Sebelumnya, AWP mengaku diadang oleh rombongan delapan orang yang mengendarai empat sepeda motor di Jalan Tentara Pelajar atau Ringroad Manding sekitar pukul 02.00 WIB.

Dalam pengakuannya, korban menyebut stang motor Honda Vario miliknya ditendang hingga terjatuh. Ia juga mengklaim mengalami luka akibat sabetan senjata tajam di bagian tangan dan kelopak mata.

Narasi tersebut kemudian menyebar luas di media sosial dan memicu kekhawatiran masyarakat terkait maraknya aksi klitih di wilayah Bantul.

Polisi Bongkar Fakta Lewat CCTV dan Keterangan Saksi

Unit Reskrim Polres Bantul kemudian melakukan olah tempat kejadian perkara (TKP), memeriksa sejumlah saksi, serta menyisir rekaman CCTV di sekitar lokasi kejadian.

Hasil penyelidikan menunjukkan bahwa tidak ada pengeroyokan seperti yang diklaim korban.

Salah satu saksi, Rispandi (28), pemilik warung di sekitar lokasi, mengaku melihat langsung kejadian tersebut.

Menurutnya, korban mengalami kecelakaan tunggal setelah menabrak tiang lampu jalan di sebelah barat warung miliknya sekitar pukul 02.17 WIB.

Saat kejadian berlangsung, kondisi jalan disebut sangat sepi dan tidak ada rombongan motor di lokasi.

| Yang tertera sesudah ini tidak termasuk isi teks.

(* The toric ideal I_A is generated by the binomials B(u), u in ker_Z(A), so I_A is contained in
  I_A' exactly when ker_Z(A) is contained in ker_Z(A').
  If I_A = rad(I_A1 + I_A2) with I_Ai <> I_A, then each ker_Z(A_i) is a proper sublattice of
  ker_Z(A), and I_A is generated up to radical by the binomials of ker_Z(A1) Un ker_Z(A2). As I_A is
  finitely generated (Dickson's lemma), finitely many of them suffice, hence a minimal such set C
  exists; it splits along the two kernels into parts whose rational spans are proper subspaces of
  ker_Q(A).
  Conversely, if span_Q(C_i) is a proper subspace of ker_Q(A), some integral linear form f_i
  vanishes on C_i but not on ker_Z(A). Appending f_i to A as a new row gives a pointed configuration
  A_i with C_i in ker_Z(A_i), a proper sublattice of ker_Z(A), and then
  I_A = rad(B(C)) <= rad(I_A1 + I_A2) <= I_A. *)

section \<open>Ideals generated by a set and their radicals\<close>

interpretation rmod: module "(*) :: 'a::comm_ring_1 \<Rightarrow> 'a \<Rightarrow> 'a"
  by unfold_locales (simp_all add: algebra_simps)

declare rmod.scale_scale [simp del] \<comment> \<open>it would loop with \<open>mult.assoc\<close>\<close>

lemma ideal_gen_eq_span: "ideal_gen S = rmod.span S"
  unfolding ideal_gen_def rmod.span_explicit by auto

lemma ideal_gen_base: "p \<in> S \<Longrightarrow> p \<in> ideal_gen S"
  unfolding ideal_gen_eq_span by (rule rmod.span_base)

lemma ideal_gen_0: "0 \<in> ideal_gen S"
  unfolding ideal_gen_eq_span by (rule rmod.span_zero)

lemma ideal_gen_add: "p \<in> ideal_gen S \<Longrightarrow> q \<in> ideal_gen S \<Longrightarrow> p + q \<in> ideal_gen S"
  unfolding ideal_gen_eq_span by (rule rmod.span_add)

lemma ideal_gen_mult: "p \<in> ideal_gen S \<Longrightarrow> c * p \<in> ideal_gen S"
  unfolding ideal_gen_eq_span by (rule rmod.span_scale)

lemma ideal_gen_mono: "S \<subseteq> T \<Longrightarrow> ideal_gen S \<subseteq> ideal_gen T"
  unfolding ideal_gen_eq_span by (rule rmod.span_mono)

lemma ideal_gen_minimal: "S \<subseteq> I \<Longrightarrow> rmod.subspace I \<Longrightarrow> ideal_gen S \<subseteq> I"
  unfolding ideal_gen_eq_span by (rule rmod.span_minimal)

lemma ideal_gen_Un: "ideal_gen (S \<union> T) = ideal_sum (ideal_gen S) (ideal_gen T)"
  unfolding ideal_gen_eq_span ideal_sum_def rmod.span_Un ..

lemma ideal_gen_finite_subset:
  assumes "p \<in> ideal_gen S"
  obtains S0 where "S0 \<subseteq> S" "finite S0" "p \<in> ideal_gen S0"
  using assms unfolding ideal_gen_def by blast

lemma radical_subset: "I \<subseteq> radical I"
  unfolding radical_def by (auto intro: exI[of _ 1])

lemma radical_mono: "I \<subseteq> J \<Longrightarrow> radical I \<subseteq> radical J"
  unfolding radical_def by auto

lemma radical_radical: "radical (radical I) = radical I"
proof
  show "radical (radical I) \<subseteq> radical I"
    unfolding radical_def by (auto simp flip: power_mult)
qed (rule radical_subset)

lemma subspace_radical_ideal_gen: "rmod.subspace (radical (ideal_gen S))"
  unfolding rmod.subspace_def
proof (intro conjI ballI allI)
  show "0 \<in> radical (ideal_gen S)"
    using ideal_gen_0 radical_subset by blast
next
  fix c p assume "p \<in> radical (ideal_gen S)"
  then obtain k where "p ^ k \<in> ideal_gen S" unfolding radical_def by blast
  then have "(c * p) ^ k \<in> ideal_gen S"
    by (simp add: power_mult_distrib ideal_gen_mult)
  then show "c * p \<in> radical (ideal_gen S)" unfolding radical_def by blast
next
  fix p q assume "p \<in> radical (ideal_gen S)" "q \<in> radical (ideal_gen S)"
  then obtain k l where k: "p ^ k \<in> ideal_gen S" and l: "q ^ l \<in> ideal_gen S"
    unfolding radical_def by blast
  \<comment> \<open>every term of the binomial expansion of \<open>(p + q) ^ (k + l)\<close> contains \<open>p ^ k\<close> or \<open>q ^ l\<close>\<close>
  have "of_nat ((k + l) choose i) * p ^ i * q ^ (k + l - i) \<in> ideal_gen S" for i
  proof (cases "k \<le> i")
    case True
    then have "p ^ i = p ^ (i - k) * p ^ k" by (simp flip: power_add)
    then show ?thesis using k ideal_gen_mult by (metis mult.assoc mult.commute)
  next
    case False
    then have "q ^ (k + l - i) = q ^ (k - i) * q ^ l" by (simp flip: power_add)
    then show ?thesis using l ideal_gen_mult by (metis mult.assoc)
  qed
  then have "(p + q) ^ (k + l) \<in> ideal_gen S"
    unfolding binomial_ring ideal_gen_eq_span by (intro rmod.span_sum) (simp add: ideal_gen_eq_span)
  then show "p + q \<in> radical (ideal_gen S)" unfolding radical_def by blast
qed

lemma radical_ideal_gen_subset:
  assumes "S \<subseteq> radical (ideal_gen T)"
  shows "radical (ideal_gen S) \<subseteq> radical (ideal_gen T)"
proof -
  have "ideal_gen S \<subseteq> radical (ideal_gen T)"
    using assms subspace_radical_ideal_gen by (rule ideal_gen_minimal)
  then show ?thesis using radical_mono radical_radical by metis
qed

lemma finite_subset_radical_ideal_gen:
  assumes "finite F" "F \<subseteq> radical (ideal_gen S)"
  obtains S0 where "S0 \<subseteq> S" "finite S0" "F \<subseteq> radical (ideal_gen S0)"
  using assms
proof (induction F arbitrary: thesis rule: finite_induct)
  case empty
  then show ?case by blast
next
  case (insert p F)
  then obtain S0 where S0: "S0 \<subseteq> S" "finite S0" "F \<subseteq> radical (ideal_gen S0)" by blast
  obtain k where "p ^ k \<in> ideal_gen S"
    using insert.prems(2) unfolding radical_def by blast
  then obtain S1 where S1: "S1 \<subseteq> S" "finite S1" "p ^ k \<in> ideal_gen S1"
    by (rule ideal_gen_finite_subset)
  have "radical (ideal_gen S0) \<union> radical (ideal_gen S1) \<subseteq> radical (ideal_gen (S0 \<union> S1))"
    by (intro Un_least radical_mono ideal_gen_mono) auto
  moreover have "p \<in> radical (ideal_gen S1)" using S1(3) unfolding radical_def by blast
  ultimately show ?case using insert.prems(1)[of "S0 \<union> S1"] S0 S1 by blast
qed

lemma min_gen_up_to_radical_subset_finite:
  assumes "finite S" "radical (ideal_gen S) = I"
  obtains T where "T \<subseteq> S" "min_gen_up_to_radical T I"
proof -
  let ?gen = "\<lambda>T. T \<subseteq> S \<and> radical (ideal_gen T) = I"
  obtain T where T: "?gen T" and least: "\<And>T'. ?gen T' \<Longrightarrow> card T \<le> card T'"
    using ex_has_least_nat[of ?gen S card] assms(2) by blast
  have "radical (ideal_gen T') \<noteq> I" if "T' \<subset> T" for T'
  proof
    assume "radical (ideal_gen T') = I"
    then have "card T \<le> card T'" using T that by (intro least) auto
    moreover have "card T' < card T"
      using that T assms(1) by (meson psubset_card_mono finite_subset)
    ultimately show False by simp
  qed
  then show thesis using that T unfolding min_gen_up_to_radical_def by blast
qed

lemma min_gen_up_to_radical_subset:
  assumes "radical (ideal_gen S) = I" "finite F" "F \<subseteq> I" "I \<subseteq> radical (ideal_gen F)"
  obtains T where "T \<subseteq> S" "min_gen_up_to_radical T I"
proof -
  obtain S0 where S0: "S0 \<subseteq> S" "finite S0" "F \<subseteq> radical (ideal_gen S0)"
    using assms(1-3) finite_subset_radical_ideal_gen by metis
  have "I \<subseteq> radical (ideal_gen S0)"
    using assms(4) radical_ideal_gen_subset[OF S0(3)] by blast
  moreover have "radical (ideal_gen S0) \<subseteq> I"
    using assms(1) S0(1) by (metis radical_mono ideal_gen_mono)
  ultimately obtain T where "T \<subseteq> S0" "min_gen_up_to_radical T I"
    using min_gen_up_to_radical_subset_finite[OF S0(2)] by blast
  then show thesis using that S0(1) by blast
qed

section \<open>Monomials and the toric homomorphism\<close>

definition monomial :: "('n::finite \<Rightarrow> nat) \<Rightarrow> ('n, 'k::comm_ring_1) mpoly" where
  "monomial e = (\<Prod>i\<in>UNIV. var i ^ e i)"

text \<open>The \<open>A\<close>-degree \<open>\<Sum>\<^sub>i e\<^sub>i a\<^sub>i\<close> of the exponent \<open>e\<close>; the group \<open>nat \<Rightarrow>\<^sub>0 int\<close> carries no
  scalar multiplication, hence the repeated sum.\<close>
definition A_degree :: "('n::finite \<Rightarrow> (nat \<Rightarrow>\<^sub>0 int)) \<Rightarrow> ('n \<Rightarrow> nat) \<Rightarrow> nat \<Rightarrow>\<^sub>0 int" where
  "A_degree A e = (\<Sum>i\<in>UNIV. \<Sum>j<e i. A i)"

lemma single_one_power:
  "(Poly_Mapping.single v (1::'b::comm_semiring_1) :: 'a::comm_monoid_add \<Rightarrow>\<^sub>0 'b) ^ k
     = Poly_Mapping.single (\<Sum>j<k. v) 1"
  by (induction k) (simp_all add: mult_single add.commute)

lemma prod_single_one:
  "(\<Prod>i\<in>F. Poly_Mapping.single (f i) (1::'b::comm_semiring_1) :: 'a::comm_monoid_add \<Rightarrow>\<^sub>0 'b)
     = Poly_Mapping.single (\<Sum>i\<in>F. f i) 1"
  by (induction F rule: infinite_finite_induct) (simp_all add: mult_single)

lemma sum_single_lookup:
  "(\<Sum>i\<in>(UNIV::'n::finite set). Poly_Mapping.single i (Poly_Mapping.lookup \<alpha> i)) = \<alpha>"
  by (rule poly_mapping_eqI) (simp add: lookup_sum lookup_single when_def)

lemma lookup_sum_single:
  "Poly_Mapping.lookup (\<Sum>i\<in>(UNIV::'n::finite set). Poly_Mapping.single i (e i)) = e"
  by (simp add: fun_eq_iff lookup_sum lookup_single when_def)

lemma poly_mapping_eq_sum_single:
  "p = (\<Sum>\<alpha>\<in>Poly_Mapping.keys p. Poly_Mapping.single \<alpha> (Poly_Mapping.lookup p \<alpha>))"
  by (rule poly_mapping_eqI) (simp add: lookup_sum lookup_single when_def in_keys_iff)

lemma var_power:
  "(var i :: ('n, 'k::comm_ring_1) mpoly) ^ k = Poly_Mapping.single (Poly_Mapping.single i k) 1"
proof -
  have "(\<Sum>j<k. Poly_Mapping.single i (1::nat)) = Poly_Mapping.single i k"
    by (induction k) (simp_all del: sum_constant add: single_add[symmetric])
  then show ?thesis unfolding var_def single_one_power by simp
qed

lemma monomial_eq_single:
  "(monomial e :: ('n::finite, 'k::comm_ring_1) mpoly)
     = Poly_Mapping.single (\<Sum>i\<in>UNIV. Poly_Mapping.single i (e i)) 1"
  unfolding monomial_def var_power by (rule prod_single_one)

lemma monomial_lookup:
  "(monomial (Poly_Mapping.lookup \<alpha>) :: ('n::finite, 'k::comm_ring_1) mpoly) = Poly_Mapping.single \<alpha> 1"
  by (simp add: monomial_eq_single sum_single_lookup)

lemma monomial_add:
  "(monomial (e + f) :: ('n::finite, 'k::comm_ring_1) mpoly) = monomial e * monomial f"
  unfolding monomial_def by (simp add: power_add prod.distrib)

lemma binomial_eq_monomial_diff:
  "binomial u = monomial (\<lambda>i. nat (u i)) - monomial (\<lambda>i. nat (- u i))"
  unfolding binomial_def monomial_def ..

lemma monomial_diff_eq_binomial_mult:
  "(monomial \<alpha> - monomial \<beta> :: ('n::finite, 'k::comm_ring_1) mpoly)
     = binomial (\<lambda>i. int (\<alpha> i) - int (\<beta> i)) * monomial (\<lambda>i. min (\<alpha> i) (\<beta> i))"
proof -
  define u where "u = (\<lambda>i. int (\<alpha> i) - int (\<beta> i))"
  define \<gamma> where "\<gamma> = (\<lambda>i. min (\<alpha> i) (\<beta> i))"
  have "\<alpha> = (\<lambda>i. nat (u i)) + \<gamma>" "\<beta> = (\<lambda>i. nat (- u i)) + \<gamma>"
    unfolding u_def \<gamma>_def by (auto simp: fun_eq_iff)
  then have "(monomial \<alpha> - monomial \<beta> :: ('n, 'k) mpoly) = binomial u * monomial \<gamma>"
    by (simp only: monomial_add binomial_eq_monomial_diff left_diff_distrib)
  then show ?thesis unfolding u_def \<gamma>_def .
qed

lemma lookup_A_degree:
  "Poly_Mapping.lookup (A_degree A e) j = (\<Sum>i\<in>UNIV. int (e i) * Poly_Mapping.lookup (A i) j)"
  unfolding A_degree_def lookup_sum by simp

lemma A_degree_eq_iff:
  "A_degree A e = A_degree A f \<longleftrightarrow> (\<lambda>i. int (e i) - int (f i)) \<in> kerZ A"
proof -
  have "A_degree A e = A_degree A f \<longleftrightarrow>
      (\<forall>j. Poly_Mapping.lookup (A_degree A e) j = Poly_Mapping.lookup (A_degree A f) j)"
    by (metis poly_mapping_eqI)
  then show ?thesis
    unfolding kerZ_def by (simp add: lookup_A_degree left_diff_distrib sum_subtractf)
qed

Saksi lain bernama Kamin juga mengaku mendengar suara benturan keras pada dini hari. Keesokan paginya, ia menemukan pecahan bodi motor, sandal, plat nomor kendaraan AB 6926 BC, serta kap lampu jalan yang terlepas akibat benturan.

Alasan Korban Bohong: Takut Ibu yang Sedang Sakit

Setelah dikonfrontasi dengan rekaman CCTV, kesaksian warga, dan bukti fisik di lapangan, AWP akhirnya mengakui bahwa cerita pengeroyokan tersebut tidak benar.

Korban mengaku sengaja membuat cerita palsu karena takut ibunya yang sedang sakit merasa syok jika mengetahui dirinya mengalami kecelakaan.

“Motif korban mengaku menjadi korban kejahatan jalanan adalah karena rasa takut. Korban tidak ingin ibunya yang sedang sakit merasa khawatir jika mengetahui dirinya mengalami kecelakaan lalu lintas,” jelas Rita.

Polisi memastikan luka yang dialami korban murni akibat kecelakaan tunggal setelah kehilangan kendali dan menabrak tiang besi di wilayah Nogosari, Trirenggo, Bantul.

Polisi Imbau Masyarakat Tidak Sebar Informasi Menyesatkan

Polres Bantul mengimbau masyarakat agar tidak mudah membuat ataupun menyebarkan narasi palsu yang dapat memicu keresahan publik, terutama terkait isu keamanan dan kejahatan jalanan.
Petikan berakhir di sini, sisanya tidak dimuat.